My question is: Does deep learning assume that the fitness landscape on which the gradient descent occurs is a smooth one? If so, is it a valid assumption?

Most of the graphical representations I have seen of gradient descent show a smooth landscape.

This Wikipedia page describes the fitness landscape.

What is the fitness landscape? Is it the surface where gradient descent occurs? To compute the derivatives we need a smooth manifold. So, I think the landscape is smooth. — Swakshar Deb, Apr 09 '21 at 07:54
I am not sure about what fitness landscape mean but if it is the landscape where gradient descent occur. Then I think smooth means there is not discontinuty or sudden jump in the surface, so we can find out the derivatives. — Swakshar Deb, Apr 09 '21 at 07:57
i dont believe it's smooth landscape theoretically, since gradient descent in neural net does partial derivation thus other weights may get to wrong values when a certain weight is optimised; this results oscillation sometimes — Dee, Apr 09 '21 at 09:42
You say "I've come across the concept of fitness landscape before". Can you please provide the link to the research papers or books that use this term "fitness landscape". I think this term occurs more in the context of evolutionary algorithms and not deep learning. — nbro, Apr 09 '21 at 12:57
@nbro: You are right. It does occur mainly in the evolutionary context. I just thought the concept might still be applicable. — Joebevo, Apr 09 '21 at 13:08
Please, provide the link to the papers where you found this term. People are giving answers but maybe based on wrong assumptions, and that makes those answers basically useless, because you didn't provide enough context. — nbro, Apr 09 '21 at 13:09
Just edit your post to include the relevant links and context, and maybe explain that you though that "fitness landscape" would also be applicable in the context of DL. — nbro, Apr 09 '21 at 13:16
So, what do you mean by "fitness landscape" in the context of deep learning? Maybe it would be better to change "fitness landscape" to a more appropriate term. Maybe "loss landscape"? — nbro, Apr 09 '21 at 15:39

htl · Answer 1 · 2021-04-09T18:14:29.867

I'm going to take the fitness landscape to be the graph of the loss function, $\mathcal{G} = \{\left(\theta, L(\theta)\right) : \theta \in \mathbb{R}^n\}$, where $\theta$ parameterises the network (i.e. it is the weights and biases) and $L$ is a given loss function; in other words, the surface you would get by plotting the loss function against its parameters.

We always assume the loss function is differentiable in order to do backpropagation, which means at the very least the loss function is smooth enough to be continuous, but in principle it may not be infinitely differentiable¹.

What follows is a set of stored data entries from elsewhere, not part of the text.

(* Let $n\ge1$ and let $\mathcal{Z}=\{z_1,\dots,z_m\}\subset\mathbb{D}^n$ be $m$ distinct points, and $\mathcal{Q}_{\mathcal{Z}}=\operatorname{span}\{\mathbb{S}(\cdot,z_i):i=1,\dots,m\}$. Then $\mathcal{Z}$ is a Pick set if and only if $\mathcal{Q}_{\mathcal{Z}}$ satisfies the commutant lifting property.
   Context: $\mathbb{S}(z,w)=\prod_{i=1}^n(1-z_i\bar w_i)^{-1}$ is the Szegő kernel, $\mathbb{S}(\cdot,w)(z)=\mathbb{S}(z,w)$, an element of the Hardy space $H^2(\mathbb{T}^n)$. $\mathcal{S}(\mathbb{D}^n)$ is the closed unit ball of $H^\infty(\mathbb{D}^n)$. For $w_1,\dots,w_m\in\mathbb{D}$, the Pick matrix is $\big((1-w_i\bar w_j)\mathbb{S}(z_i,z_j)\big)_{i,j=1}^m$. $\mathcal{Z}$ is a Pick set if for every $w_1,\dots,w_m\in\mathbb{D}$ whose Pick matrix is positive semidefinite there exists $\varphi\in\mathcal{S}(\mathbb{D}^n)$ with $\varphi(z_i)=w_i$ for all $i$. A quotient module $\mathcal{Q}\subseteq H^2(\mathbb{T}^n)$ (closed, invariant under all $T_{z_i}^*$) satisfies the commutant lifting property if every contraction $X\in\mathcal{B}(\mathcal{Q})$ with $XS_{z_i}=S_{z_i}X$ for all $i$ (where $S_{z_i}=P_{\mathcal{Q}}T_{z_i}|_{\mathcal{Q}}$) is of the form $X=P_{\mathcal{Q}}T_\varphi|_{\mathcal{Q}}$ for some $\varphi\in\mathcal{S}(\mathbb{D}^n)$; here $T_\varphi f=\varphi f$ and $P_{\mathcal{Q}}$ is the orthogonal projection onto $\mathcal{Q}$. *)

theory Defs
  imports "HOL-Analysis.Analysis"
begin

text \<open>Elements of H^2(T^n) are represented by their Taylor coefficient families
  indexed by multi-indices  alpha :: 'n => nat  (the index type 'n is finite, CARD('n) = n).
  H^2 is identified isometrically with the square-summable coefficient families.\<close>

type_synonym 'n coeffs = "('n \<Rightarrow> nat) \<Rightarrow> complex"

definition polydisc :: "(complex ^ 'n) set" where
  "polydisc = {z. \<forall>k. cmod (z $ k) < 1}"

definition mon :: "complex ^ 'n \<Rightarrow> ('n \<Rightarrow> nat) \<Rightarrow> complex" where
  "mon z \<alpha> = (\<Prod>k\<in>UNIV. (z $ k) ^ \<alpha> k)"

text \<open>c is the Taylor coefficient family of phi on the polydisc (holomorphy on D^n).\<close>
definition pw_series :: "'n coeffs \<Rightarrow> (complex ^ 'n \<Rightarrow> complex) \<Rightarrow> bool" where
  "pw_series c \<phi> \<longleftrightarrow> (\<forall>z\<in>polydisc. ((\<lambda>\<alpha>. c \<alpha> * mon z \<alpha>) has_sum \<phi> z) UNIV)"

definition schur :: "(complex ^ 'n \<Rightarrow> complex) \<Rightarrow> bool" where
  "schur \<phi> \<longleftrightarrow> (\<exists>c. pw_series c \<phi>) \<and> (\<forall>z\<in>polydisc. cmod (\<phi> z) \<le> 1)"

definition h2_inner :: "'n coeffs \<Rightarrow> 'n coeffs \<Rightarrow> complex" where
  "h2_inner f g = infsum (\<lambda>\<alpha>. f \<alpha> * cnj (g \<alpha>)) UNIV"

definition h2_norm :: "'n coeffs \<Rightarrow> real" where
  "h2_norm f = sqrt (infsum (\<lambda>\<alpha>. (cmod (f \<alpha>))\<^sup>2) UNIV)"

definition szego_kernel :: "complex ^ 'n \<Rightarrow> complex ^ 'n \<Rightarrow> complex" where
  "szego_kernel z w = (\<Prod>k\<in>UNIV. inverse (1 - z $ k * cnj (w $ k)))"

definition szego :: "complex ^ 'n \<Rightarrow> 'n coeffs" where
  "szego w = (\<lambda>\<alpha>. \<Prod>k\<in>UNIV. cnj (w $ k) ^ \<alpha> k)"

definition QZ :: "nat \<Rightarrow> (nat \<Rightarrow> complex ^ 'n) \<Rightarrow> 'n coeffs set" where
  "QZ m z = {f. \<exists>a. f = (\<lambda>\<alpha>. \<Sum>i<m. a i * szego (z i) \<alpha>)}"

definition proj :: "'n coeffs set \<Rightarrow> 'n coeffs \<Rightarrow> 'n coeffs" where
  "proj Q g = (THE q. q \<in> Q \<and> (\<forall>k\<in>Q. h2_inner (\<lambda>\<alpha>. g \<alpha> - q \<alpha>) k = 0))"

definition toep :: "('n::finite) coeffs \<Rightarrow> 'n coeffs \<Rightarrow> 'n coeffs" where
  "toep c f = (\<lambda>\<alpha>. \<Sum>\<beta>\<in>{\<beta>. \<forall>k. \<beta> k \<le> \<alpha> k}. c \<beta> * f (\<lambda>k. \<alpha> k - \<beta> k))"

definition zcoef :: "'n \<Rightarrow> 'n coeffs" where
  "zcoef k = (\<lambda>\<alpha>. if \<alpha> = (\<lambda>j. if j = k then 1 else 0) then 1 else 0)"

definition compr :: "('n::finite) coeffs set \<Rightarrow> 'n \<Rightarrow> 'n coeffs \<Rightarrow> 'n coeffs" where
  "compr Q k f = proj Q (toep (zcoef k) f)"

definition contraction_on :: "'n coeffs set \<Rightarrow> ('n coeffs \<Rightarrow> 'n coeffs) \<Rightarrow> bool" where
  "contraction_on Q X \<longleftrightarrow>
     (\<forall>f\<in>Q. X f \<in> Q) \<and>
     (\<forall>f\<in>Q. \<forall>g\<in>Q. X (\<lambda>\<alpha>. f \<alpha> + g \<alpha>) = (\<lambda>\<alpha>. X f \<alpha> + X g \<alpha>)) \<and>
     (\<forall>f\<in>Q. \<forall>a. X (\<lambda>\<alpha>. a * f \<alpha>) = (\<lambda>\<alpha>. a * X f \<alpha>)) \<and>
     (\<forall>f\<in>Q. h2_norm (X f) \<le> h2_norm f)"

definition commutant_lifting :: "('n::finite) coeffs set \<Rightarrow> bool" where
  "commutant_lifting Q \<longleftrightarrow>
     (\<forall>X. contraction_on Q X \<and> (\<forall>k. \<forall>f\<in>Q. X (compr Q k f) = compr Q k (X f)) \<longrightarrow>
        (\<exists>\<phi> c. schur \<phi> \<and> pw_series c \<phi> \<and> (\<forall>f\<in>Q. X f = proj Q (toep c f))))"

definition pick_psd :: "nat \<Rightarrow> (nat \<Rightarrow> complex ^ 'n) \<Rightarrow> (nat \<Rightarrow> complex) \<Rightarrow> bool" where
  "pick_psd m z w \<longleftrightarrow>
     (\<forall>v :: nat \<Rightarrow> complex.
        let s = (\<Sum>i<m. \<Sum>j<m. cnj (v i) * ((1 - w i * cnj (w j)) * szego_kernel (z i) (z j)) * v j)
        in Im s = 0 \<and> Re s \<ge> 0)"

definition pick_set :: "nat \<Rightarrow> (nat \<Rightarrow> complex ^ 'n) \<Rightarrow> bool" where
  "pick_set m z \<longleftrightarrow>
     (\<forall>w. (\<forall>i<m. cmod (w i) < 1) \<and> pick_psd m z w \<longrightarrow>
        (\<exists>\<phi>. schur \<phi> \<and> (\<forall>i<m. \<phi> (z i) = w i)))"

You talk about using gradient descent to find the global minimiser. In general this is not possible: many functions have local minimisers which are not global minimisers. For an example, you could plot $y = x^2 \sin(1/x^2)$: of course the situation is similar, if harder to visualise, in higher dimensions. A certain class of functions known as convex functions satisfy the property that any local minimiser is a global minimiser. Unfortunately, the loss function of a neural network is rarely convex.

For some interesting pictures, see Visualizing the Loss Landscape of Neural Nets by Li et al.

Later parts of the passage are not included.